BEGIN

(* Let $Y$ be a complex Banach space and let $I\subseteq\mathbb R^n$ satisfy $I+I\subseteq I$, suppose that for every $\mathbf t'\in\mathbb R^n$ there exists a finite $M>0$ with $\mathbf t'+I_M\subseteq I$, and suppose that $\mathbb R^n\setminus[(I\cup(-I))+(I\cup(-I))]$ is bounded. If $F:\mathbb R^n\to Y$ and $G:\mathbb R^n\to Y$ are Bohr almost periodic and $F(\mathbf t)=G(\mathbf t)$ for all $\mathbf t\in I$, then $F(\mathbf t)=G(\mathbf t)$ for all $\mathbf t\in\mathbb R^n$.
   Context: $I_M:=\{\lambda\in I:|\lambda|\ge M\}$. A continuous $F:\mathbb R^n\to Y$ is Bohr almost periodic if for every $\epsilon>0$ there exists $l>0$ such that every closed Euclidean ball of radius $l$ contains some $\tau$ with $\|F(\mathbf t+\tau)-F(\mathbf t)\|_Y\le\epsilon$ for all $\mathbf t\in\mathbb R^n$. *)

theory Defs
  imports "HOL-Analysis.Analysis"
begin

definition trunc_set :: "('a::real_normed_vector) set \<Rightarrow> real \<Rightarrow> 'a set" where
  "trunc_set I M = {x\<in>I. norm x \<ge> M}"

definition bohr_almost_periodic :: "(real ^ 'n \<Rightarrow> 'y::real_normed_vector) \<Rightarrow> bool" where
  "bohr_almost_periodic F \<longleftrightarrow> continuous_on UNIV F \<and>
     (\<forall>\<epsilon>>0. \<exists>l>0. \<forall>c. \<exists>\<tau>\<in>cball c l. \<forall>t. norm (F (t + \<tau>) - F t) \<le> \<epsilon>)"

end

theory Submission
  imports Defs
begin

text \<open>
  Since \<open>I\<close> is closed under addition and the complement of \<open>(I \<union> -I) + (I \<union> -I)\<close> is bounded,
  \<open>I\<close> contains a nonzero \<open>w\<close> and with it all positive integer multiples of \<open>w\<close>. Given \<open>t\<close>,
  a large multiple \<open>v\<close> of \<open>w\<close> therefore satisfies \<open>t + m v \<in> I\<close> for all \<open>m \<ge> 1\<close>. The
  translates of a Bohr almost periodic function are totally bounded in the sup-norm, so by
  pigeonhole some \<open>k v\<close> with \<open>k \<ge> 1\<close> is a common \<open>\<epsilon>\<close>-almost period of \<open>F\<close> and \<open>G\<close>, and
  \<open>F t \<approx> F (t + k v) = G (t + k v) \<approx> G t\<close>.
\<close>

lemma bohr_almost_periodic_continuous:
  "bohr_almost_periodic F \<Longrightarrow> continuous_on UNIV F"
  unfolding bohr_almost_periodic_def by blast

lemma bohr_almost_periodicD:
  assumes "bohr_almost_periodic F" and "e > 0"
  obtains l where "l > 0" and "\<And>c. \<exists>\<tau>\<in>cball c l. \<forall>t. dist (F (t + \<tau>)) (F t) \<le> e"
  using assms unfolding bohr_almost_periodic_def dist_norm by blast

lemma bohr_almost_periodic_uniformly_continuous:
  fixes F :: "real ^ 'n \<Rightarrow> 'y::real_normed_vector"
  assumes ap: "bohr_almost_periodic F"
  shows "uniformly_continuous_on UNIV F"
  unfolding uniformly_continuous_on_def
proof (intro allI impI)
  fix e :: real
  assume "e > 0"
  then obtain l where "l > 0"
    and per: "\<And>c. \<exists>\<tau>\<in>cball c l. \<forall>t. dist (F (t + \<tau>)) (F t) \<le> e / 3"
    using bohr_almost_periodicD[OF ap, of "e / 3"] by auto
  let ?K = "cball (0 :: real ^ 'n) (l + 1)"
  have "uniformly_continuous_on ?K F"
    using bohr_almost_periodic_continuous[OF ap]
    by (meson compact_cball compact_uniformly_continuous continuous_on_subset subset_UNIV)
  moreover have "e / 3 > 0"
    using \<open>e > 0\<close> by simp
  ultimately obtain d where "d > 0"
    and uc: "\<And>x y. x \<in> ?K \<Longrightarrow> y \<in> ?K \<Longrightarrow> dist y x < d \<Longrightarrow> dist (F y) (F x) < e / 3"
    unfolding uniformly_continuous_on_def by metis
  show "\<exists>d>0. \<forall>x\<in>UNIV. \<forall>y\<in>UNIV. dist y x < d \<longrightarrow> dist (F y) (F x) < e"
  proof (intro exI[of _ "min d 1"] conjI ballI impI)
    fix x y :: "real ^ 'n"
    assume dxy: "dist y x < min d 1"
    \<comment> \<open>an almost period near \<open>-x\<close> moves \<open>x\<close> and \<open>y\<close> into the compact ball \<open>?K\<close>\<close>
    obtain \<tau> where \<tau>: "\<tau> \<in> cball (- x) l" and p: "\<And>t. dist (F (t + \<tau>)) (F t) \<le> e / 3"
      using per by blast
    have "norm (x + \<tau>) \<le> l"
      using \<tau> by (simp add: dist_norm norm_minus_commute add.commute)
    moreover have "norm (y + \<tau>) \<le> norm (x + \<tau>) + norm (y - x)"
      using norm_triangle_ineq[of "x + \<tau>" "y - x"] by (simp add: add.commute)
    moreover have "norm (y - x) < 1"
      using dxy by (simp add: dist_norm)
    ultimately have "x + \<tau> \<in> ?K" "y + \<tau> \<in> ?K"
      unfolding mem_cball_0 by linarith+
    moreover have "dist (y + \<tau>) (x + \<tau>) < d"
      using dxy by (simp add: dist_norm)
    ultimately have "dist (F (y + \<tau>)) (F (x + \<tau>)) < e / 3"
      by (rule uc)
    moreover have "dist (F y) (F x)
        \<le> dist (F (y + \<tau>)) (F y) + dist (F (y + \<tau>)) (F (x + \<tau>)) + dist (F (x + \<tau>)) (F x)"
      using dist_triangle[of "F y" "F x" "F (x + \<tau>)"] dist_triangle[of "F y" "F (x + \<tau>)" "F (y + \<tau>)"]
      by (simp add: dist_commute)
    ultimately show "dist (F y) (F x) < e"
      using p[of x] p[of y] by linarith
  qed (use \<open>d > 0\<close> in simp)
qed

lemma bohr_almost_periodic_finite_translation_net:
  fixes F :: "real ^ 'n \<Rightarrow> 'y::real_normed_vector"
  assumes ap: "bohr_almost_periodic F" and "e > 0"
  obtains S :: "(real ^ 'n) set"
  where "finite S" and "\<And>s. \<exists>r\<in>S. \<forall>t. dist (F (t + s)) (F (t + r)) \<le> e"
proof -
  have half: "e / 2 > 0"
    using \<open>e > 0\<close> by simp
  obtain d where "d > 0" and uc: "\<And>x y. dist y x < d \<Longrightarrow> dist (F y) (F x) < e / 2"
    using bohr_almost_periodic_uniformly_continuous[OF ap] half
    unfolding uniformly_continuous_on_def by (metis UNIV_I)
  obtain l where per: "\<And>c. \<exists>\<tau>\<in>cball c l. \<forall>t. dist (F (t + \<tau>)) (F t) \<le> e / 2"
    using bohr_almost_periodicD[OF ap half] by blast
  have "compact (cball (0 :: real ^ 'n) l)"
    by simp
  then obtain S :: "(real ^ 'n) set" where "finite S" and S: "cball 0 l \<subseteq> (\<Union>r\<in>S. ball r d)"
    using \<open>d > 0\<close> unfolding compact_eq_totally_bounded by blast
  have "\<exists>r\<in>S. \<forall>t. dist (F (t + s)) (F (t + r)) \<le> e" for s
  proof -
    obtain \<tau> where "\<tau> \<in> cball s l" and p: "\<And>t. dist (F (t + \<tau>)) (F t) \<le> e / 2"
      using per by blast
    then have "s - \<tau> \<in> cball 0 l"
      by (simp add: dist_norm norm_minus_commute)
    then obtain r where "r \<in> S" and r: "dist r (s - \<tau>) < d"
      using S by (auto simp: dist_commute)
    have "dist (F (t + s)) (F (t + r)) \<le> e" for t
    proof -
      have "dist (F (t + s)) (F (t + (s - \<tau>))) \<le> e / 2"
        using p[of "t + (s - \<tau>)"] by simp
      moreover have "dist (t + (s - \<tau>)) (t + r) < d"
        using r by (simp only: dist_add_cancel dist_commute)
      then have "dist (F (t + (s - \<tau>))) (F (t + r)) < e / 2"
        by (rule uc)
      ultimately show ?thesis
        using dist_triangle[of "F (t + s)" "F (t + r)" "F (t + (s - \<tau>))"] by linarith
    qed
    with \<open>r \<in> S\<close> show ?thesis by blast
  qed
  with \<open>finite S\<close> that show ?thesis by blast
qed

lemma nat_pigeonhole_lt:
  fixes c :: "nat \<Rightarrow> 'a"
  assumes "finite (range c)"
  obtains a b where "a < b" and "c a = c b"
proof -
  have "\<not> inj c"
    using assms range_inj_infinite by blast
  then obtain i j where "i \<noteq> j" "c i = c j"
    unfolding inj_def by blast
  then show ?thesis
    using that by (metis linorder_neqE_nat)
qed

lemma bohr_almost_periodic_common_period_multiple:
  fixes F G :: "real ^ 'n \<Rightarrow> 'y::real_normed_vector"
  assumes "bohr_almost_periodic F" "bohr_almost_periodic G" and "e > 0"
  obtains k :: nat where "k \<ge> 1"
    and "\<And>t. dist (F (t + real k *\<^sub>R v)) (F t) \<le> e"
    and "\<And>t. dist (G (t + real k *\<^sub>R v)) (G t) \<le> e"
proof -
  obtain SF where "finite SF" and "\<And>s. \<exists>r\<in>SF. \<forall>t. dist (F (t + s)) (F (t + r)) \<le> e / 2"
    using bohr_almost_periodic_finite_translation_net[OF assms(1), of "e / 2"] \<open>e > 0\<close> by auto
  then obtain fF where fF: "\<And>s. fF s \<in> SF" "\<And>s t. dist (F (t + s)) (F (t + fF s)) \<le> e / 2"
    by metis
  obtain SG where "finite SG" and "\<And>s. \<exists>r\<in>SG. \<forall>t. dist (G (t + s)) (G (t + r)) \<le> e / 2"
    using bohr_almost_periodic_finite_translation_net[OF assms(2), of "e / 2"] \<open>e > 0\<close> by auto
  then obtain fG where fG: "\<And>s. fG s \<in> SG" "\<And>s t. dist (G (t + s)) (G (t + fG s)) \<le> e / 2"
    by metis
  \<comment> \<open>two multiples of \<open>v\<close> with the same pair of net representatives differ by a common almost period\<close>
  define c where "c j = (fF (real j *\<^sub>R v), fG (real j *\<^sub>R v))" for j :: nat
  have "range c \<subseteq> SF \<times> SG"
    using fF(1) fG(1) by (auto simp: c_def)
  then have "finite (range c)"
    by (rule finite_subset) (use \<open>finite SF\<close> \<open>finite SG\<close> in simp)
  then obtain a b where "a < b" and "c a = c b"
    by (rule nat_pigeonhole_lt)
  have close: "dist (H (t + real (b - a) *\<^sub>R v)) (H t) \<le> e"
    if "\<And>s t. dist (H (t + s)) (H (t + f s)) \<le> e / 2" and "f (real a *\<^sub>R v) = f (real b *\<^sub>R v)"
    for H :: "real ^ 'n \<Rightarrow> 'y" and f t
  proof -
    define u where "u = t - real a *\<^sub>R v"
    have "dist (H (t + real (b - a) *\<^sub>R v)) (H t) = dist (H (u + real b *\<^sub>R v)) (H (u + real a *\<^sub>R v))"
      using \<open>a < b\<close> by (simp add: u_def algebra_simps)
    moreover have "dist (H (u + real a *\<^sub>R v)) (H (u + f (real a *\<^sub>R v))) \<le> e / 2"
      using that(1)[of u "real a *\<^sub>R v"] .
    moreover have "dist (H (u + real b *\<^sub>R v)) (H (u + f (real a *\<^sub>R v))) \<le> e / 2"
      using that(1)[of u "real b *\<^sub>R v"] that(2) by simp
    ultimately show ?thesis
      using dist_triangle2[of "H (u + real b *\<^sub>R v)" "H (u + real a *\<^sub>R v)" "H (u + f (real a *\<^sub>R v))"]
      by linarith
  qed
  show ?thesis
  proof (rule that[of "b - a"])
    show "b - a \<ge> 1"
      using \<open>a < b\<close> by simp
    show "dist (F (t + real (b - a) *\<^sub>R v)) (F t) \<le> e" for t
      by (rule close[where H = F, OF fF(2)]) (use \<open>c a = c b\<close> in \<open>simp add: c_def\<close>)
    show "dist (G (t + real (b - a) *\<^sub>R v)) (G t) \<le> e" for t
      by (rule close[where H = G, OF fG(2)]) (use \<open>c a = c b\<close> in \<open>simp add: c_def\<close>)
  qed
qed

lemma add_closed_of_nat_scaleR_mem:
  fixes I :: "'a::real_vector set"
  assumes add: "\<And>a b. a \<in> I \<Longrightarrow> b \<in> I \<Longrightarrow> a + b \<in> I" and "w \<in> I" and "m \<ge> 1"
  shows "real m *\<^sub>R w \<in> I"
  using \<open>m \<ge> 1\<close>
proof (induction m rule: dec_induct)
  case base
  then show ?case using \<open>w \<in> I\<close> by simp
next
  case (step m)
  then show ?case
    using add[OF step.IH \<open>w \<in> I\<close>] by (simp add: scaleR_add_left add.commute)
qed

lemma nonzero_mem_if_bounded_sumset_complement:
  fixes I :: "'a::euclidean_space set"
  assumes "bounded (UNIV - {a + b | a b. a \<in> I \<union> uminus ` I \<and> b \<in> I \<union> uminus ` I})"
  obtains w where "w \<in> I" and "w \<noteq> 0"
proof (rule ccontr)
  assume "\<not> thesis"
  with that have "I \<subseteq> {0}"
    by blast
  then have "I \<union> uminus ` I \<subseteq> {0}"
    by auto
  then have "{a + b | a b. a \<in> I \<union> uminus ` I \<and> b \<in> I \<union> uminus ` I} \<subseteq> {0}"
    by fastforce
  then have "bounded (UNIV - {0 :: 'a})"
    using assms by (meson Diff_mono bounded_subset order_refl)
  then have "bounded (insert 0 (UNIV - {0 :: 'a}))"
    by (simp only: bounded_insert)
  then show False
    using not_bounded_UNIV by simp
qed

lemma translated_multiples_mem:
  fixes I :: "'a::real_normed_vector set"
  assumes add: "\<And>a b. a \<in> I \<Longrightarrow> b \<in> I \<Longrightarrow> a + b \<in> I"
    and "w \<in> I" "w \<noteq> 0"
    and trunc: "(\<lambda>x. t + x) ` trunc_set I M \<subseteq> I"
  obtains v where "\<And>m. m \<ge> 1 \<Longrightarrow> t + real m *\<^sub>R v \<in> I"
proof -
  obtain n :: nat where n: "M / norm w \<le> real n"
    using real_arch_simple by blast
  define v where "v = real (Suc n) *\<^sub>R w"
  have "M \<le> real n * norm w"
    using n \<open>w \<noteq> 0\<close> by (simp add: divide_le_eq)
  also have "\<dots> \<le> real (Suc n) * norm w"
    by (simp add: mult_right_mono)
  finally have "M \<le> norm v"
    by (simp add: v_def)
  have "t + real m *\<^sub>R v \<in> I" if "m \<ge> 1" for m
  proof -
    have "1 \<le> m * Suc n"
      using that by (simp add: Suc_le_eq)
    then have "real (m * Suc n) *\<^sub>R w \<in> I"
      using add_closed_of_nat_scaleR_mem[OF add \<open>w \<in> I\<close>] by blast
    moreover have "real (m * Suc n) *\<^sub>R w = real m *\<^sub>R v"
      by (simp add: v_def algebra_simps)
    ultimately have "real m *\<^sub>R v \<in> I"
      by simp
    moreover have "norm v \<le> norm (real m *\<^sub>R v)"
      using mult_right_mono[of 1 "real m" "norm v"] that by simp
    ultimately have "real m *\<^sub>R v \<in> trunc_set I M"
      using \<open>M \<le> norm v\<close> unfolding trunc_set_def by simp
    then show ?thesis
      using trunc by blast
  qed
  then show ?thesis
    using that by blast
qed

theorem corollary2p36:
  fixes I :: "(real ^ 'n) set"
    and F G :: "real ^ 'n \<Rightarrow> 'y::banach"
  assumes "\<And>a b. a \<in> I \<Longrightarrow> b \<in> I \<Longrightarrow> a + b \<in> I"
    and "\<And>t'. \<exists>M>0. (\<lambda>x. t' + x) ` trunc_set I M \<subseteq> I"
    and "bounded (UNIV - {a + b | a b. a \<in> I \<union> uminus ` I \<and> b \<in> I \<union> uminus ` I})"
    and "bohr_almost_periodic F"
    and "bohr_almost_periodic G"
    and "\<And>t. t \<in> I \<Longrightarrow> F t = G t"
  shows "\<forall>t. F t = G t"
proof
  fix t
  obtain w where "w \<in> I" "w \<noteq> 0"
    using nonzero_mem_if_bounded_sumset_complement[OF assms(3)] .
  obtain M where "(\<lambda>x. t + x) ` trunc_set I M \<subseteq> I"
    using assms(2) by blast
  then obtain v where v: "\<And>m. m \<ge> 1 \<Longrightarrow> t + real m *\<^sub>R v \<in> I"
    using translated_multiples_mem[OF assms(1) \<open>w \<in> I\<close> \<open>w \<noteq> 0\<close>] by blast
  have "dist (F t) (G t) \<le> e" if "e > 0" for e
  proof -
    have "e / 2 > 0"
      using \<open>e > 0\<close> by simp
    then obtain k :: nat where "k \<ge> 1"
      and F_close: "\<And>s. dist (F (s + real k *\<^sub>R v)) (F s) \<le> e / 2"
      and G_close: "\<And>s. dist (G (s + real k *\<^sub>R v)) (G s) \<le> e / 2"
      using bohr_almost_periodic_common_period_multiple[where v = v, OF assms(4,5)] by blast
    have "F (t + real k *\<^sub>R v) = G (t + real k *\<^sub>R v)"
      using assms(6) v \<open>k \<ge> 1\<close> by simp
    then have "dist (F t) (G t) \<le> dist (F (t + real k *\<^sub>R v)) (F t) + dist (G (t + real k *\<^sub>R v)) (G t)"
      using dist_triangle2[of "F t" "G t" "F (t + real k *\<^sub>R v)"] by (simp add: dist_commute)
    with F_close[of t] G_close[of t] show ?thesis
      by linarith
  qed
  then show "F t = G t"
    using field_le_epsilon[of "dist (F t) (G t)" 0] by simp
qed

end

END

◆ **YOUR TASK**
The answer should be all lines from the entries above that hold the word "some".

◆ **YOUR SOLUTION**
   Context: $I_M:=\{\lambda\in I:|\lambda|\ge M\}$. A continuous $F:\mathbb R^n\to Y$ is Bohr almost periodic if for every $\epsilon>0$ there exists $l>0$ such that every closed Euclidean ball of radius $l$ contains some $\tau$ with $\|F(\mathbf t+\tau)-F(\mathbf t)\|_Y\le\epsilon$ for all $\mathbf t\in\mathbb R^n$. *)
  pigeonhole some \<open>k v\<close> with \<open>k \<ge> 1\<close> is a common \<open>\<epsilon>\<close>-almost period of \<open>F\<close> and \<open>G\<close>, and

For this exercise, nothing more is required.